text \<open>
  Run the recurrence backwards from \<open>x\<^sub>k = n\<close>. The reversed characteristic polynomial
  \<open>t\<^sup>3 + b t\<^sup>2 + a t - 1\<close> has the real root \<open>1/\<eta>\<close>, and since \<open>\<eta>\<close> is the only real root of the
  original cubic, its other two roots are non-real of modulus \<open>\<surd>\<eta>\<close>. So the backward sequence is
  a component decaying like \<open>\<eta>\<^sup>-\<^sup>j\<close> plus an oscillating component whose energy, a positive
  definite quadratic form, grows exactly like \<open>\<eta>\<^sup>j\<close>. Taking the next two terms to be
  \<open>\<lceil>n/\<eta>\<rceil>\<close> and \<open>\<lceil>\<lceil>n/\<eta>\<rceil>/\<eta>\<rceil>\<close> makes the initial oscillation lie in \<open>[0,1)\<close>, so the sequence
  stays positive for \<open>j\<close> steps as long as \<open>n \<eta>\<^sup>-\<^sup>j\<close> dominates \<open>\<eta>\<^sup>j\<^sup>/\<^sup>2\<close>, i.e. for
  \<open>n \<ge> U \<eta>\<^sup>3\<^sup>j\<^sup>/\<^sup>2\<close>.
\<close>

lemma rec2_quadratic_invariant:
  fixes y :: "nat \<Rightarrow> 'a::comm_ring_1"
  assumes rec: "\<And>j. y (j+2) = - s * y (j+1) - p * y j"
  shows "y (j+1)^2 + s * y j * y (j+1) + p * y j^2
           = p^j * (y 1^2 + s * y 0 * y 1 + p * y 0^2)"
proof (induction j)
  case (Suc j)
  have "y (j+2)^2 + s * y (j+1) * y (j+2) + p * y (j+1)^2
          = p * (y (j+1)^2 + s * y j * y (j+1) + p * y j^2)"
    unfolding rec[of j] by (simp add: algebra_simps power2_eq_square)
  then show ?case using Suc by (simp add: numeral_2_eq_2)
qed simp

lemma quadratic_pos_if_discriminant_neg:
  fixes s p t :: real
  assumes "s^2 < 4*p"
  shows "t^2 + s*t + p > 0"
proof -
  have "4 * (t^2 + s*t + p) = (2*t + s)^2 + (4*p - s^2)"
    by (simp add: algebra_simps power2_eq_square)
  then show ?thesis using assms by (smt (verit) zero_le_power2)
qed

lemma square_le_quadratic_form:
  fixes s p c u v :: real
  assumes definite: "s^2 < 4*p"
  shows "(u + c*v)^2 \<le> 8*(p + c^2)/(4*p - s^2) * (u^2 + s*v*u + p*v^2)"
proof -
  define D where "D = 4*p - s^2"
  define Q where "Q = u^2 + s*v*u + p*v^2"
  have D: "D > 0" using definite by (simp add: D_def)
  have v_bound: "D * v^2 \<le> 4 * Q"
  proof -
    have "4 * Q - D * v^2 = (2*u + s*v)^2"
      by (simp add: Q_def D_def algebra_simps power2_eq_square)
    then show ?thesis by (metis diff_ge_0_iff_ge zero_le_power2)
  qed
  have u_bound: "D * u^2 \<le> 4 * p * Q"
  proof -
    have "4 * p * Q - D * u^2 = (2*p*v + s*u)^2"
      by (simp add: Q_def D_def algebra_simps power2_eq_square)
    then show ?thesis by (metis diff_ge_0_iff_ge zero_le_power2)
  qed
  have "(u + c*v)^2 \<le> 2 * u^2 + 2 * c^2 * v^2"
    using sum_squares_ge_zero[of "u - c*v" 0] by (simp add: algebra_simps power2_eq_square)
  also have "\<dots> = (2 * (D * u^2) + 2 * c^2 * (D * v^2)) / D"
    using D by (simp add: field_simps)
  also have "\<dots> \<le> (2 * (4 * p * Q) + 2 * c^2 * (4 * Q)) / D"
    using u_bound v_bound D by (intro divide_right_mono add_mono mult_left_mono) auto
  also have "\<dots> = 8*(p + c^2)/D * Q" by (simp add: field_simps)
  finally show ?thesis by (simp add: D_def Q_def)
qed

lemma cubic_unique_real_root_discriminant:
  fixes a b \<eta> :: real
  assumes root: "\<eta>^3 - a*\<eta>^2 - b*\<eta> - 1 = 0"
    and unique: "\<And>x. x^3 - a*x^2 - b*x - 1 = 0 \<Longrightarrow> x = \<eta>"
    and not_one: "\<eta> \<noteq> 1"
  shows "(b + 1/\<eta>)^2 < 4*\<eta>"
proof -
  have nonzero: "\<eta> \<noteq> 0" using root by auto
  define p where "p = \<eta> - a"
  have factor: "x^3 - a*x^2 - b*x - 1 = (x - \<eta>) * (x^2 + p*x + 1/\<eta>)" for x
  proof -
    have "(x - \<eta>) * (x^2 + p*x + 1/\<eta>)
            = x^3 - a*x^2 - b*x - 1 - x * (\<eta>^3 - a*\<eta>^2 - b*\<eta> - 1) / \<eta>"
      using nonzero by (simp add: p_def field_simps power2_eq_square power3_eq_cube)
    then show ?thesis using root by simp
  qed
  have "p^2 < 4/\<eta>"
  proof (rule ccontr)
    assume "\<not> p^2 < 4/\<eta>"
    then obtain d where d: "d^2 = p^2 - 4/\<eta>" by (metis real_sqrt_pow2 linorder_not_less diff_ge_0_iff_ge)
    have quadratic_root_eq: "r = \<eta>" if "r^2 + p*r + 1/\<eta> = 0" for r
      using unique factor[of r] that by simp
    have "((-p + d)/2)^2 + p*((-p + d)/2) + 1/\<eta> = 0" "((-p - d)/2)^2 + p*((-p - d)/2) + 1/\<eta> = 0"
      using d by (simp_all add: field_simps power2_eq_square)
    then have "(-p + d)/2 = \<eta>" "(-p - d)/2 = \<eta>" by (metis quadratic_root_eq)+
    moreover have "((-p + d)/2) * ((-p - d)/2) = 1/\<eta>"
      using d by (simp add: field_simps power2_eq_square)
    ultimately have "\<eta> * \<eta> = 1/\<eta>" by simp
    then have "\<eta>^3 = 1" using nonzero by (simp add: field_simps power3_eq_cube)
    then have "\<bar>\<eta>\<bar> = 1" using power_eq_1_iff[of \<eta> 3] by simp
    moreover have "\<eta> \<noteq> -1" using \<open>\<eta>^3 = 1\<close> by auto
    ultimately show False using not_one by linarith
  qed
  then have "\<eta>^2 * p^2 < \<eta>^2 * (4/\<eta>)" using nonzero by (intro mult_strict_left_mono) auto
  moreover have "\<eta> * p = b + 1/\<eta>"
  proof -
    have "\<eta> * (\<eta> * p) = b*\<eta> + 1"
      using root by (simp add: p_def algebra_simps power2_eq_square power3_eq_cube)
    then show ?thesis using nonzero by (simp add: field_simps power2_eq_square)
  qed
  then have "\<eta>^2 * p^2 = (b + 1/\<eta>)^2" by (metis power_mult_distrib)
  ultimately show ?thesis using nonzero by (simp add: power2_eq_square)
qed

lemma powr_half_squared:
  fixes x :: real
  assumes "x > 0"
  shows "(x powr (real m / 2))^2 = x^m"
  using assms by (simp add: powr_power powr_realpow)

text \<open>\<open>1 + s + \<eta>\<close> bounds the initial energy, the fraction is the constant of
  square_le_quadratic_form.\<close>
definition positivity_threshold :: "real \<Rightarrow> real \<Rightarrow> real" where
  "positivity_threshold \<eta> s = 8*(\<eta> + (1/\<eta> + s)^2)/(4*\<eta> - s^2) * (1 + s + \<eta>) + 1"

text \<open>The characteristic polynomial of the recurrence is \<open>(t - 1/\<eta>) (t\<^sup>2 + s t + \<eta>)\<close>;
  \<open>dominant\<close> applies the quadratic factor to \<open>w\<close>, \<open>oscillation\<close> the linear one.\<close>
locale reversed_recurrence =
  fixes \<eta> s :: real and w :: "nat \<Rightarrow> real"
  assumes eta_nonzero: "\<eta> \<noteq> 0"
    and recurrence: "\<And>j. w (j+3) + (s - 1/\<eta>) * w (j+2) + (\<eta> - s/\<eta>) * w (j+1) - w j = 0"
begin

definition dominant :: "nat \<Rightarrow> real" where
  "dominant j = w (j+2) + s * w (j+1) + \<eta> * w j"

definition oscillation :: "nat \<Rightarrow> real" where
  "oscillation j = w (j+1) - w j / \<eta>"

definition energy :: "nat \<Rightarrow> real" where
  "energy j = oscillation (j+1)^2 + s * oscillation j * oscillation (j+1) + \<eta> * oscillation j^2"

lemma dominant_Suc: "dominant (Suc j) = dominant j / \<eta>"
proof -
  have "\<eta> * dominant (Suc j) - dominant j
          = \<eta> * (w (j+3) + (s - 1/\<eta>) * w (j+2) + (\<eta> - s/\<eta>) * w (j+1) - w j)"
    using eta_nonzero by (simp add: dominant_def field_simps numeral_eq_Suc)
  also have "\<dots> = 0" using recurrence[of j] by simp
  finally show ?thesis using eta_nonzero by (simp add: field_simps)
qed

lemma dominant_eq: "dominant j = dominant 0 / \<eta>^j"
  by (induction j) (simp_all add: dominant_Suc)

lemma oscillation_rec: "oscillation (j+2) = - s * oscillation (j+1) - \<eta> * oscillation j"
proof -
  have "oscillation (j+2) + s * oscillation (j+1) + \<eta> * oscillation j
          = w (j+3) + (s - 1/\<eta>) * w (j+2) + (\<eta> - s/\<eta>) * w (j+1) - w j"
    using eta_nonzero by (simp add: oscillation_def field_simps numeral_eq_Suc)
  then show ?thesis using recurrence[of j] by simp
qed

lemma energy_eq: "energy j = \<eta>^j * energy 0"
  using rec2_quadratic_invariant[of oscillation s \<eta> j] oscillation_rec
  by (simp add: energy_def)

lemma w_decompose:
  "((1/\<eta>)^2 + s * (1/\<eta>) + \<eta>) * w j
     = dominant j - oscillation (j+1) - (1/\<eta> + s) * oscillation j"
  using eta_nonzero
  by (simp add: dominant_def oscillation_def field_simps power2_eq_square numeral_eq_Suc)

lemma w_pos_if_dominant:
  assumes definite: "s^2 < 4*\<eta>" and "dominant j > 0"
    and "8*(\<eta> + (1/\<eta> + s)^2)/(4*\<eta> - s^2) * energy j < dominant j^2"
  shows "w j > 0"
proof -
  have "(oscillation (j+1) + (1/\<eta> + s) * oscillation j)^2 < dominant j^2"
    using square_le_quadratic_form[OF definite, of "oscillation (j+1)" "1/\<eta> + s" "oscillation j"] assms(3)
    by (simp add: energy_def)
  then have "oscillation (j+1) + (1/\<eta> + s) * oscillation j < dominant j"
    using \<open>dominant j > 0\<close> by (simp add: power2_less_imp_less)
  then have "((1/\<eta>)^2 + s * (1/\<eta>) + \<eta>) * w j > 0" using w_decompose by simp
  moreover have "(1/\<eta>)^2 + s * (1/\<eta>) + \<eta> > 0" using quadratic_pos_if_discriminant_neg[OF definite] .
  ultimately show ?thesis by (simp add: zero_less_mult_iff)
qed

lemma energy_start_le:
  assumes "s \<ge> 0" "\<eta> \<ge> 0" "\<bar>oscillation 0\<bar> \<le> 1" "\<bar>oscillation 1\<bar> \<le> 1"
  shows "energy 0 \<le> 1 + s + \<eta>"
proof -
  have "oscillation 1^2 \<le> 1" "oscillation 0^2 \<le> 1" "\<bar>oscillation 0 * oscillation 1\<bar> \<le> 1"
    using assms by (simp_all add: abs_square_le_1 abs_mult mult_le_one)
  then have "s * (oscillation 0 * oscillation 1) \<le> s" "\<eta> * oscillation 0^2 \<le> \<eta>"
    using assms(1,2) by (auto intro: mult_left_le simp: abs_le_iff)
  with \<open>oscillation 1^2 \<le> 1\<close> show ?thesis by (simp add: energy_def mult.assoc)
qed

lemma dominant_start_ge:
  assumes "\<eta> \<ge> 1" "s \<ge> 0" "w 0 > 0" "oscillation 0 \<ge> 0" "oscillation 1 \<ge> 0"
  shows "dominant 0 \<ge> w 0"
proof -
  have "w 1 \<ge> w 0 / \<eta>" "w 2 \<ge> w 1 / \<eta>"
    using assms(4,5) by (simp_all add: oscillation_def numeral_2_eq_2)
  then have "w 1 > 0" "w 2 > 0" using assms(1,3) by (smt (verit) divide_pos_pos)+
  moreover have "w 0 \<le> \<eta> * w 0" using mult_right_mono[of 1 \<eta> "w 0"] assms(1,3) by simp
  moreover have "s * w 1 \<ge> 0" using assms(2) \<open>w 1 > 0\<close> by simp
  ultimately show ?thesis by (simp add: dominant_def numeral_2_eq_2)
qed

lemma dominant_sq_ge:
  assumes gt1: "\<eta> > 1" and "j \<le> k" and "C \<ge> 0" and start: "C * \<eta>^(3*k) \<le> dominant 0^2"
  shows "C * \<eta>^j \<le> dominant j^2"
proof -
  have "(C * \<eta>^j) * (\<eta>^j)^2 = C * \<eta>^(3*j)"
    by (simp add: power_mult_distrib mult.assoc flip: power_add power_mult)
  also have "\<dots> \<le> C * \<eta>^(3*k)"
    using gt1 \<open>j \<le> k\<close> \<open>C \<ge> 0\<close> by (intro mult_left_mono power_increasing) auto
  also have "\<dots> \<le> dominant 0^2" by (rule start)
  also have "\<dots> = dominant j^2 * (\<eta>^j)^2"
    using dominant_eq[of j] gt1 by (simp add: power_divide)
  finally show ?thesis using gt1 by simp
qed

■ ■ ■ ■ ■ ■ ■

-- WHAT TO DO --
Check each line above for "ultimately" and give the number of lines that match, nothing more.

-- RESULT OF THIS TASK --
5